Dataset excerpts >>
lemma ip_pstar_at:
  assumes "degree f \<le> N" "degree g \<le> N"
  shows "ip c (pstar_at N f) (pstar_at N g) = ip c g f"
proof -
  have flip: "(\<Sum>i\<le>N. F i) = (\<Sum>i\<le>N. F (N - i))" for F :: "nat \<Rightarrow> complex"
    using sum.atLeastAtMost_rev[of F 0 N] by (simp add: atLeast0AtMost)
  have "ip c (pstar_at N f) (pstar_at N g)
      = (\<Sum>i\<le>N. \<Sum>j\<le>N. cnj (coeff f (N - i)) * coeff g (N - j) * c (int i - int j))"
    by (simp add: ip_eq_sum_atMost[OF degree_pstar_at_le degree_pstar_at_le] coeff_pstar_at)
  also have "\<dots> = (\<Sum>i\<le>N. \<Sum>j\<le>N. cnj (coeff f i) * coeff g j * c (int j - int i))"
    by (subst flip, subst (2) flip) (intro sum.cong refl, auto simp: of_nat_diff)
  also have "\<dots> = ip c g f"
    by (subst sum.swap) (simp add: ip_eq_sum_atMost[OF assms(2,1)] mult.commute)
  finally show ?thesis .
qed

lemma degree_le_if_coeff_Suc_eq_0:
  assumes "degree p \<le> Suc n" "coeff p (Suc n) = 0"
  shows "degree p \<le> n"
  using assms by (metis Suc_leI antisym_conv1 degree_le le_degree linorder_not_le)

lemma degree_Phi_le: "degree (Phi al n) \<le> n"
proof (induction n)
  case (Suc n)
  have "degree (smult (cnj (al n)) (pstar (Phi al n))) \<le> Suc n"
    using degree_smult_le degree_pstar_le Suc.IH le_SucI order.trans by metis
  moreover have "degree (pCons 0 (Phi al n)) \<le> Suc n"
    using degree_pCons_le Suc.IH Suc_le_mono order.trans by metis
  ultimately show ?case
    by (simp add: degree_diff_le)
qed simp

lemma coeff_Phi_self: "coeff (Phi al n) n = 1"
proof (induction n)
  case (Suc n)
  have "coeff (pstar (Phi al n)) (Suc n) = 0"
    using degree_pstar_le[of "Phi al n"] degree_Phi_le[of al n] by (intro coeff_eq_0) simp
  then show ?case
    using Suc by simp
qed simp

lemma degree_Phi: "degree (Phi al n) = n"
  by (rule antisym[OF degree_Phi_le le_degree]) (simp add: coeff_Phi_self)
(* Let $n=2m+1$ with $m\ge1$, let $a,b,c,d\in\mathbb{C}$, and suppose $T_n$ (degree $n$) and $U_{n-2}$ (degree at most $n-2$) satisfy $T_n^2-HU_{n-2}^2=1$ with $$T_n(z)=1-\frac{2(z-d)\prod_{j=1}^{m}(z-x_j)^2}{(a-d)\prod_{j=1}^m(a-x_j)^2}=-1+\frac{2(z-a)(z-b)(z-c)\prod_{j=1}^{m-1}(z-y_j)^2}{(d-a)(d-b)(d-c)\prod_{j=1}^{m-1}(d-y_j)^2}$$ for some $x_1,\dots,x_m,y_1,\dots,y_{m-1}\in\mathbb{C}$. Put $s_k:=\tfrac12\bigl(a^k+b^k+c^k+d^k\bigr)$, $k=1,\dots,2m$, and form $F_k,\mathbf F,\mathbf F_i$ with $\nu=m+1$, $\mu=m-1$. Then $\det\mathbf F\neq0$ and $y_1,\dots,y_{m-1}$ (with multiplicity) are exactly the zeros of the polynomial $$y^{m-1}\det\mathbf F+y^{m-2}\det\mathbf F_1+\dots+y\det\mathbf F_{m-2}+\det\mathbf F_{m-1}.$$
   Context: $H(z)=(z-a)(z-b)(z-c)(z-d)$. Given complex numbers $s_1,s_2,\dots$, set $F_0:=1$, $F_k:=0$ for $k<0$, and for $k\ge1$, $F_k:=\frac{(-1)^k}{k!}\det M_k$ where $M_k$ is the $k\times k$ matrix with entry $s_{i-j+1}$ for $j\le i$, entry $i$ at position $(i,i+1)$, and $0$ elsewhere. For integers $\nu\ge0,\mu\ge0$, $\mathbf F$ is the $\mu\times\mu$ matrix with $(i,j)$ entry $F_{\nu+i-j}$, and $\mathbf F_i$ ($1\le i\le\mu$) is $\mathbf F$ with its $i$-th column replaced by $(-F_{\nu+1},\dots,-F_{\nu+\mu})^T$. Convention: if $\mu=0$, $\det\mathbf F:=1$ (so for $m=1$ the polynomial is the nonzero constant $1$ and there are no $y_j$). The $x_j,y_j$ are the zeros of $U_{n-2}$, i.e. the extremal points of $T_n$ on $T_n^{-1}([-1,1])$. *)

theory Defs
  imports "HOL-Computational_Algebra.Polynomial" "Jordan_Normal_Form.Determinant"
begin

definition psum :: "complex \<Rightarrow> complex \<Rightarrow> complex \<Rightarrow> complex \<Rightarrow> nat \<Rightarrow> complex" where
  "psum a b c d k = (a^k + b^k + c^k + d^k) / 2"

text \<open>The k x k matrix M_k (0-based indices; entry (i,j) corresponds to (i+1,j+1)):
  s_{i-j+1} for j <= i, i at position (i,i+1), 0 elsewhere.\<close>
definition Mk :: "(nat \<Rightarrow> complex) \<Rightarrow> nat \<Rightarrow> complex mat" where
  "Mk s k = mat k k (\<lambda>(i,j). if j \<le> i then s (i - j + 1)
                             else if j = i + 1 then of_nat (i + 1) else 0)"

definition Fk :: "(nat \<Rightarrow> complex) \<Rightarrow> int \<Rightarrow> complex" where
  "Fk s k = (if k < 0 then 0 else if k = 0 then 1
             else (-1) ^ nat k / of_nat (fact (nat k)) * det (Mk s (nat k)))"

definition Fmat :: "(nat \<Rightarrow> complex) \<Rightarrow> nat \<Rightarrow> nat \<Rightarrow> complex mat" where
  "Fmat s \<nu> \<mu> = mat \<mu> \<mu> (\<lambda>(i,j). Fk s (int \<nu> + int i - int j))"

definition Fmat_col :: "(nat \<Rightarrow> complex) \<Rightarrow> nat \<Rightarrow> nat \<Rightarrow> nat \<Rightarrow> complex mat" where
  "Fmat_col s \<nu> \<mu> i = mat \<mu> \<mu> (\<lambda>(r,c). if c + 1 = i then - Fk s (int \<nu> + int r + 1)
                                         else Fk s (int \<nu> + int r - int c))"

definition Fpoly :: "(nat \<Rightarrow> complex) \<Rightarrow> nat \<Rightarrow> nat \<Rightarrow> complex poly" where
  "Fpoly s \<nu> \<mu> = monom (det (Fmat s \<nu> \<mu>)) \<mu>
      + (\<Sum>i = 1..\<mu>. monom (det (Fmat_col s \<nu> \<mu> i)) (\<mu> - i))"

end

theory Submission
  imports Defs "HOL-Computational_Algebra.Polynomial_FPS"
begin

Task to carry out >> Your answer should hold the line with "complex) \<Rightarrow> int" and each line after it to the end of the data, retyped exactly. Include no other lines.

Answer area >>
definition Fk :: "(nat \<Rightarrow> complex) \<Rightarrow> int \<Rightarrow> complex" where
  "Fk s k = (if k < 0 then 0 else if k = 0 then 1
             else (-1) ^ nat k / of_nat (fact (nat k)) * det (Mk s (nat k)))"

definition Fmat :: "(nat \<Rightarrow> complex) \<Rightarrow> nat \<Rightarrow> nat \<Rightarrow> complex mat" where
  "Fmat s \<nu> \<mu> = mat \<mu> \<mu> (\<lambda>(i,j). Fk s (int \<nu> + int i - int j))"

definition Fmat_col :: "(nat \<Rightarrow> complex) \<Rightarrow> nat \<Rightarrow> nat \<Rightarrow> nat \<Rightarrow> complex mat" where
  "Fmat_col s \<nu> \<mu> i = mat \<mu> \<mu> (\<lambda>(r,c). if c + 1 = i then - Fk s (int \<nu> + int r + 1)
                                         else Fk s (int \<nu> + int r - int c))"

definition Fpoly :: "(nat \<Rightarrow> complex) \<Rightarrow> nat \<Rightarrow> nat \<Rightarrow> complex poly" where
  "Fpoly s \<nu> \<mu> = monom (det (Fmat s \<nu> \<mu>)) \<mu>
      + (\<Sum>i = 1..\<mu>. monom (det (Fmat_col s \<nu> \<mu> i)) (\<mu> - i))"

end

theory Submission
  imports Defs "HOL-Computational_Algebra.Polynomial_FPS"
begin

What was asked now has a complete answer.